Taking Search — And Meaning — Beyond English

Companies and government agencies – from global firms dealing with legal e-discovery issues across their offices worldwide to intelligence officials working on watch lists – need to be able to search across and extract meaning from unstructured text – and not just in English. Multi-lingual text analytics vendor Basis Technology Corp., which develops the Rosette linguistics platform, says such needs are driving a seeing a renewed focus on the internationalization push.

“By and large I think the market as a whole has been getting more sophisticated in both their understanding and use of text analytics,” says Steve Kearns, Rosette product manager. “So the forward movement in the semantic web and all the related fields really has given rise to a better customer for us, people who understand the issues, and we now see a big multilingual focus…. People are seeing they need to make search work in other languages, make it function as it should across different locations and languages.”

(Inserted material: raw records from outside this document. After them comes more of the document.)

text \<open>Pushing a sublinear functional q down in direction y gives a sublinear functional below q
  that is odd along y; hence a minimal sublinear functional is linear.\<close>

definition sublinear_reduce :: "('a::real_vector \<Rightarrow> real) \<Rightarrow> 'a \<Rightarrow> 'a \<Rightarrow> real" where
  "sublinear_reduce q y x = Inf ((\<lambda>t. q (x + t *\<^sub>R y) - t * q y) ` {0..})"

lemma sublinear_reduce_le:
  assumes q: "sublinear q" and t: "0 \<le> t"
  shows "sublinear_reduce q y x \<le> q (x + t *\<^sub>R y) - t * q y"
  unfolding sublinear_reduce_def
proof (rule cInf_lower)
  show "bdd_below ((\<lambda>t. q (x + t *\<^sub>R y) - t * q y) ` {0..})"
  proof (rule bdd_belowI2)
    fix u :: real assume "u \<in> {0..}"
    then have "q (u *\<^sub>R y) = u * q y" by (simp add: sublinear_scaleR[OF q])
    moreover have "q (u *\<^sub>R y) \<le> q (x + u *\<^sub>R y) + q (- x)"
      using sublinear_add_le[OF q, of "x + u *\<^sub>R y" "- x"] by simp
    ultimately show "- q (- x) \<le> q (x + u *\<^sub>R y) - u * q y" by simp
  qed
qed (use t in simp)

lemma sublinear_reduce_greatest:
  assumes "\<And>t. 0 \<le> t \<Longrightarrow> c \<le> q (x + t *\<^sub>R y) - t * q y"
  shows "c \<le> sublinear_reduce q y x"
  unfolding sublinear_reduce_def using assms by (intro cInf_greatest) auto

lemma sublinear_reduce_le_self: "sublinear q \<Longrightarrow> sublinear_reduce q y x \<le> q x"
  using sublinear_reduce_le[of q 0 y x] by simp

lemma sublinear_reduce_neg: "sublinear q \<Longrightarrow> sublinear_reduce q y (- y) \<le> - q y"
  using sublinear_reduce_le[of q 1 y "- y"] sublinear_zero[of q] by simp

lemma sublinear_sublinear_reduce:
  assumes q: "sublinear q"
  shows "sublinear (sublinear_reduce q y)"
proof (rule sublinearI)
  fix x1 x2
  have "sublinear_reduce q y (x1 + x2) - sublinear_reduce q y x2 \<le> sublinear_reduce q y x1"
  proof (rule sublinear_reduce_greatest)
    fix t1 :: real assume t1: "0 \<le> t1"
    have "sublinear_reduce q y (x1 + x2) - q (x1 + t1 *\<^sub>R y) + t1 * q y \<le> sublinear_reduce q y x2"
    proof (rule sublinear_reduce_greatest)
      fix t2 :: real assume t2: "0 \<le> t2"
      have "sublinear_reduce q y (x1 + x2) \<le> q ((x1 + t1 *\<^sub>R y) + (x2 + t2 *\<^sub>R y)) - (t1 + t2) * q y"
        using sublinear_reduce_le[OF q, of "t1 + t2" y "x1 + x2"] t1 t2
        by (simp add: algebra_simps)
      also have "\<dots> \<le> q (x1 + t1 *\<^sub>R y) + q (x2 + t2 *\<^sub>R y) - (t1 + t2) * q y"
        using sublinear_add_le[OF q] by simp
      finally show "sublinear_reduce q y (x1 + x2) - q (x1 + t1 *\<^sub>R y) + t1 * q y
          \<le> q (x2 + t2 *\<^sub>R y) - t2 * q y"
        by (simp add: algebra_simps)
    qed
    then show "sublinear_reduce q y (x1 + x2) - sublinear_reduce q y x2
        \<le> q (x1 + t1 *\<^sub>R y) - t1 * q y" by simp
  qed
  then show "sublinear_reduce q y (x1 + x2) \<le> sublinear_reduce q y x1 + sublinear_reduce q y x2"
    by simp
next
  fix t :: real and x assume t: "0 \<le> t"
  show "sublinear_reduce q y (t *\<^sub>R x) \<le> t * sublinear_reduce q y x"
  proof (cases "t = 0")
    case True
    then show ?thesis using sublinear_reduce_le_self[OF q, of y 0] sublinear_zero[OF q] by simp
  next
    case False
    with t have "0 < t" by simp
    have "sublinear_reduce q y (t *\<^sub>R x) / t \<le> sublinear_reduce q y x"
    proof (rule sublinear_reduce_greatest)
      fix u :: real assume "0 \<le> u"
      then have "sublinear_reduce q y (t *\<^sub>R x) \<le> q (t *\<^sub>R (x + u *\<^sub>R y)) - (t * u) * q y"
        using sublinear_reduce_le[OF q, of "t * u" y "t *\<^sub>R x"] t by (simp add: scaleR_add_right)
      also have "\<dots> = t * (q (x + u *\<^sub>R y) - u * q y)"
        using sublinear_scaleR[OF q t, of "x + u *\<^sub>R y"] by (simp add: algebra_simps)
      finally show "sublinear_reduce q y (t *\<^sub>R x) / t \<le> q (x + u *\<^sub>R y) - u * q y"
        using \<open>0 < t\<close> by (simp add: divide_simps mult.commute)
    qed
    then show ?thesis using \<open>0 < t\<close> by (simp add: divide_simps mult.commute)
  qed
qed

lemma minimal_sublinear_imp_linear:
  assumes m: "sublinear m" and minimal: "\<And>q. sublinear q \<Longrightarrow> (\<And>x. q x \<le> m x) \<Longrightarrow> q = m"
  shows "linear m"
proof -
  have neg: "m (- y) = - m y" for y
  proof -
    have "sublinear_reduce m y = m"
      using minimal[OF sublinear_sublinear_reduce[OF m]] sublinear_reduce_le_self[OF m] by blast
    then have "m (- y) \<le> - m y" using sublinear_reduce_neg[OF m, of y] by simp
    with sublinear_neg_le[OF m, of y] show ?thesis by simp
  qed
  have add: "m (x + y) = m x + m y" for x y
    using sublinear_add_le[OF m, of "x + y" "- y"] sublinear_add_le[OF m, of x y] neg[of y] by simp
  have scale: "m (t *\<^sub>R x) = t * m x" for t x
  proof (cases "0 \<le> t")
    case True then show ?thesis by (rule sublinear_scaleR[OF m])
  next
    case False
    then have "m ((- t) *\<^sub>R x) = (- t) * m x" by (intro sublinear_scaleR[OF m]) simp
    then show ?thesis using neg[of "t *\<^sub>R x"] by simp
  qed
  show ?thesis by (rule linearI) (simp_all add: add scale)
qed

lemma sublinear_Inf_chain:
  assumes ne: "C \<noteq> {}" and sub: "\<And>q. q \<in> C \<Longrightarrow> sublinear q"
    and bdd: "\<And>x. bdd_below ((\<lambda>q. q x) ` C)"
    and chain: "\<And>a b. a \<in> C \<Longrightarrow> b \<in> C \<Longrightarrow> (\<forall>x. a x \<le> b x) \<or> (\<forall>x. b x \<le> a x)"
  shows "sublinear (\<lambda>x. Inf ((\<lambda>q. q x) ` C))" (is "sublinear ?u")
proof -
  have lower: "?u x \<le> q x" if "q \<in> C" for q x
    using that bdd by (intro cInf_lower) auto
  have greatest: "c \<le> ?u x" if "\<And>q. q \<in> C \<Longrightarrow> c \<le> q x" for c x
    using that ne by (intro cInf_greatest) auto
  show ?thesis
  proof (rule sublinearI)
    fix x y
    have "?u (x + y) - ?u y \<le> ?u x"
    proof (rule greatest)
      fix q1 assume q1: "q1 \<in> C"
      have "?u (x + y) - q1 x \<le> ?u y"
      proof (rule greatest)
        fix q2 assume q2: "q2 \<in> C"
        \<comment> \<open>use the smaller of q1 and q2 for both summands\<close>
        from chain[OF q1 q2] show "?u (x + y) - q1 x \<le> q2 y"
          using lower[OF q1, of "x + y"] lower[OF q2, of "x + y"]
            sublinear_add_le[OF sub[OF q1], of x y] sublinear_add_le[OF sub[OF q2], of x y]
          by (smt (verit))
      qed
      then show "?u (x + y) - ?u y \<le> q1 x" by simp
    qed
    then show "?u (x + y) \<le> ?u x + ?u y" by simp
  next
    fix t :: real and x assume t: "0 \<le> t"
    show "?u (t *\<^sub>R x) \<le> t * ?u x"
    proof (cases "t = 0")
      case True
      obtain q where "q \<in> C" using ne by blast
      then show ?thesis using True lower[of q 0] sublinear_zero[OF sub[of q]] by simp
    next
      case False
      with t have "0 < t" by simp
      have "?u (t *\<^sub>R x) / t \<le> ?u x"
      proof (rule greatest)
        fix q assume q: "q \<in> C"
        then have "?u (t *\<^sub>R x) \<le> t * q x" using lower sublinear_scaleR[OF sub t] by metis
        then show "?u (t *\<^sub>R x) / t \<le> q x" using \<open>0 < t\<close> by (simp add: divide_simps mult.commute)
      qed
      then show ?thesis using \<open>0 < t\<close> by (simp add: divide_simps mult.commute)
    qed
  qed
qed

lemma sublinear_ge_neg_norm:
  assumes "sublinear q" "\<And>x. q x \<le> norm x"
  shows "- norm x \<le> q x"
  using sublinear_neg_le[OF assms(1), of x] assms(2)[of "- x"] by simp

The company this week released Rosette 7, the latest version of its software, which is used in major web and enterprise search engines, from Google to Bing to Oracle software. The product supports 55 languages for language identification, and if you count different encodings that grows to over 100 languages and encoding pairs. For base linguistics for search engine enablement it supports 20 languages, depending on how you count them. Among its constantly expanding language set is extended coverage for Middle Eastern languages such as Pashto and Dari. “These hard languages are not well served in the market today in the search engine and entity extraction space, so we built on that,” Kearns says.

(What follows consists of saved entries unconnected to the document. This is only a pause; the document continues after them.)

text \<open>Read in the quotient of \<open>\<int>[X]\<close> by the annihilator \<open>I\<close> of \<open>W\<close>, the monomials \<open>X\<^sup>j\<close> with
  \<open>j \<in> N\<close> are roots of \<open>F\<close> whose pairwise differences are not zero divisors.\<close>
lemma card_le_degree_if_poly_op_roots:
  fixes F :: "int poly" and N :: "nat set"
  assumes p: "Factorial_Ring.prime p" and u: "endo p d u"
    and W: "subspace_of p d W" and uW: "\<And>w. w \<in> W \<Longrightarrow> u w \<in> W"
    and w0: "w0 \<in> W" "w0 \<noteq> vzero"
    and lc: "\<not> int p dvd lead_coeff F"
    and roots: "\<And>j w. j \<in> N \<Longrightarrow> w \<in> W \<Longrightarrow> poly_op p (u ^^ j) F w = vzero"
    and separate: "\<And>i j w. i \<in> N \<Longrightarrow> j \<in> N \<Longrightarrow> i \<noteq> j \<Longrightarrow> w \<in> W \<Longrightarrow> (u ^^ i) w = (u ^^ j) w
                     \<Longrightarrow> w = vzero"
    and "finite N"
  shows "card N \<le> degree F"
proof -
  have p1: "1 < p" using prime_gt_1_nat[OF p] .
  hence p0: "0 < p" by simp
  have W_vecs: "W \<subseteq> vecs p d" using W by (simp add: subspace_of_def)
  define I where "I = {P. \<forall>w\<in>W. poly_op p u P w = vzero}"
  define S where "S = (\<lambda>j. monom (1::int) j) ` N"
  have "card S \<le> degree (map_poly (\<lambda>c. [:c:]) F)"
  proof (rule card_roots_modulo_le_degree[where I = I])
    show "finite S" using \<open>finite N\<close> by (simp add: S_def)
  next
    fix P Q assume "P \<in> I" "Q \<in> I"
    thus "P - Q \<in> I" using poly_op_diff_eq_vzero_iff[OF u p0] W_vecs by (auto simp: I_def)
  next
    fix a b h assume "a \<in> S" "b \<in> S" "a \<noteq> b" and h: "(b - a) * h \<in> I"
    then obtain i j where ij: "i \<in> N" "j \<in> N" "i \<noteq> j" "a = monom 1 i" "b = monom 1 j"
      by (auto simp: S_def)
    show "h \<in> I" unfolding I_def mem_Collect_eq
    proof
      fix w assume w: "w \<in> W"
      define z where "z = poly_op p u h w"
      have z: "z \<in> W" unfolding z_def using poly_op_in_invariant[OF u p0 W uW w] .
      have "poly_op p u (b - a) z = vzero"
        using h w W_vecs poly_op_mult[OF u p0, of w "b - a" h] by (auto simp: I_def z_def)
      hence "(u ^^ j) z = (u ^^ i) z"
        using poly_op_diff_eq_vzero_iff[OF u p0] poly_op_monom_1[OF u p1] z W_vecs ij by auto
      thus "poly_op p u h w = vzero" using separate[OF ij(2,1)] ij(3) z by (simp add: z_def)
    qed
  next
    fix a assume "a \<in> S"
    then obtain j where "j \<in> N" "a = monom 1 j" by (auto simp: S_def)
    thus "poly (map_poly (\<lambda>c. [:c:]) F) a \<in> I"
      using roots poly_op_pcompose_monom[OF u p1] W_vecs by (auto simp: I_def pcompose_altdef[symmetric])
  next
    have "lead_coeff F \<noteq> 0" using lc by auto
    hence "lead_coeff (map_poly (\<lambda>c. [:c:]) F) = [:lead_coeff F:]"
      by (simp add: lead_coeff_map_poly_nz)
    thus "lead_coeff (map_poly (\<lambda>c. [:c:]) F) \<notin> I"
      using poly_op_const_neq_vzero[OF p u _ w0(2) lc] w0(1) W_vecs by (auto simp: I_def)
  qed
  moreover have "card S = card N"
    unfolding S_def by (rule card_image) (auto simp: inj_on_def monom_eq_iff')
  ultimately show ?thesis by (simp add: degree_map_poly)
qed

section \<open>Annihilators on a homogeneous module\<close>

lemma vsum_empty: "vsum p {} w = vzero"
  by (simp add: vsum_def vzero_def)

lemma vsum_insert: "finite I \<Longrightarrow> i \<notin> I \<Longrightarrow> vsum p (insert i I) w = vadd p (w i) (vsum p I w)"
  by (simp add: vsum_def vadd_def fun_eq_iff mod_add_right_eq)

lemma vsum_cong: "(\<And>i. i \<in> I \<Longrightarrow> w i = w' i) \<Longrightarrow> vsum p I w = vsum p I w'"
  unfolding vsum_def by (intro ext arg_cong[where f = "\<lambda>x. x mod p"] sum.cong) auto

lemma vsum_vzero: "vsum p I (\<lambda>i. vzero) = vzero"
  by (simp add: vsum_def vzero_def)

lemma vsum_in_vecs: "0 < p \<Longrightarrow> (\<And>i. i \<in> I \<Longrightarrow> w i \<in> vecs p d) \<Longrightarrow> vsum p I w \<in> vecs p d"
  unfolding vsum_def vecs_def by auto

lemma endo_vsum:
  assumes L: "endo p d L" and p: "0 < p" and "finite I"
    and w: "\<And>i. i \<in> I \<Longrightarrow> w i \<in> vecs p d"
  shows "L (vsum p I w) = vsum p I (\<lambda>i. L (w i))"
  using assms(3) w
proof (induction I rule: finite_induct)
  case empty
  thus ?case using endo_vzero[OF L p] by (simp add: vsum_empty)
next
  case (insert i I)
  have "L (vsum p (insert i I) w) = L (vadd p (w i) (vsum p I w))"
    using insert by (simp add: vsum_insert)
  also have "\<dots> = vadd p (L (w i)) (L (vsum p I w))"
    by (rule endo_vadd[OF L]) (use insert.prems vsum_in_vecs[OF p, of I w d] in auto)
  also have "\<dots> = vsum p (insert i I) (\<lambda>i. L (w i))"
    using insert by (simp add: vsum_insert)
  finally show ?case .
qed

lemma endo_vanishes_on_direct_sum:
  assumes L: "endo p d L" and p: "0 < p" and "finite I"
    and decomp: "bij_betw (vsum p I) (Pi\<^sub>E I Ws) (vecs p d)"
    and Ws: "\<And>i. i \<in> I \<Longrightarrow> Ws i \<subseteq> vecs p d"
    and vanish: "\<And>i w. i \<in> I \<Longrightarrow> w \<in> Ws i \<Longrightarrow> L w = vzero"
    and v: "v \<in> vecs p d"
  shows "L v = vzero"
proof -
  obtain ws where ws: "ws \<in> Pi\<^sub>E I Ws" and v_eq: "v = vsum p I ws"
    using decomp v by (metis bij_betw_iff_bijections)
  have "L v = vsum p I (\<lambda>i. L (ws i))"
    using endo_vsum[OF L p \<open>finite I\<close>] ws Ws v_eq by (auto simp: PiE_def Pi_def)
  also have "\<dots> = vsum p I (\<lambda>i. vzero)"
    using vanish ws by (intro vsum_cong) (auto simp: PiE_def Pi_def)
  finally show ?thesis by (simp add: vsum_vzero)
qed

In addition to its list-based and rules-based entity detection algorithms, the update features a completely rewritten core statistical engine for entity extraction of organizations, people, places, URLs, and so on. Its improved extractor here means that it takes less training data to build statistical models and improves the ability for users to train the engine in the field, Kearns says. “We use the statistical engine for persons, locations and organization;. these are hard to make rules about. How can you make a correct set of rules that this is a person name vs. an organization name, for instance,” he says. Hundreds of thousands of words from publicly available data in each of the 14 languages the engine supports were annotated by humans, and then its model was trained to read all the sentences and learn what makes up a person entity, an organization entity, and so on, “and gives us a lot more traction on these hard entity types than you get by just rules.” But because in some cases, particularly government (which makes up about 40 to 50 percent of its market), the text the software is trained on needs to be enhanced with the industry’s unique prose. “Depending on where the data comes from, it doesn’t always look like data we trained on. So when the actual genre of text is different enough, the performance of statistical entity extractors could suffer because it doesn’t recognize the sentence structure or new worlds.” Being able to quickly train for this in the field elevates performance.

Another major feature in Rosette 7 is name matching and name translation, a problem the company has been working on for more than five years with the result that this is the first time name translation and searching are integrated into the Rosette platform’s same core set of APIs. “Bringing those in lets us more easily set up a pipeline….If Osama bin Laden is written in Arabic you can search for it in English, Japanese or Chinese documents. Being able to hook all these pieces up, the name matching and translation to entity extraction, gives radical new capabilities in terms of how customers might assemble their applications.” As an example, he points to e-discovery efforts around doing entity extraction across all emails. “Now you have people, and can put them into search engine. But what if not everyone spells ‘Joseph’ properly—some say Joe, or whatever. Now you have the flexibility of a fuzzy name search engine to find that. Or what if it’s in a Chinese document from a Chinese customer—now our software can directly find out that he is mentioned there, so that document will be relevant to the case and you will want someone to read this.”

The latest version also now supports Lucene-based applications, so any organization using the open source search toolkits can get the same advanced linguistic processing used by high end web and enterprise search engines.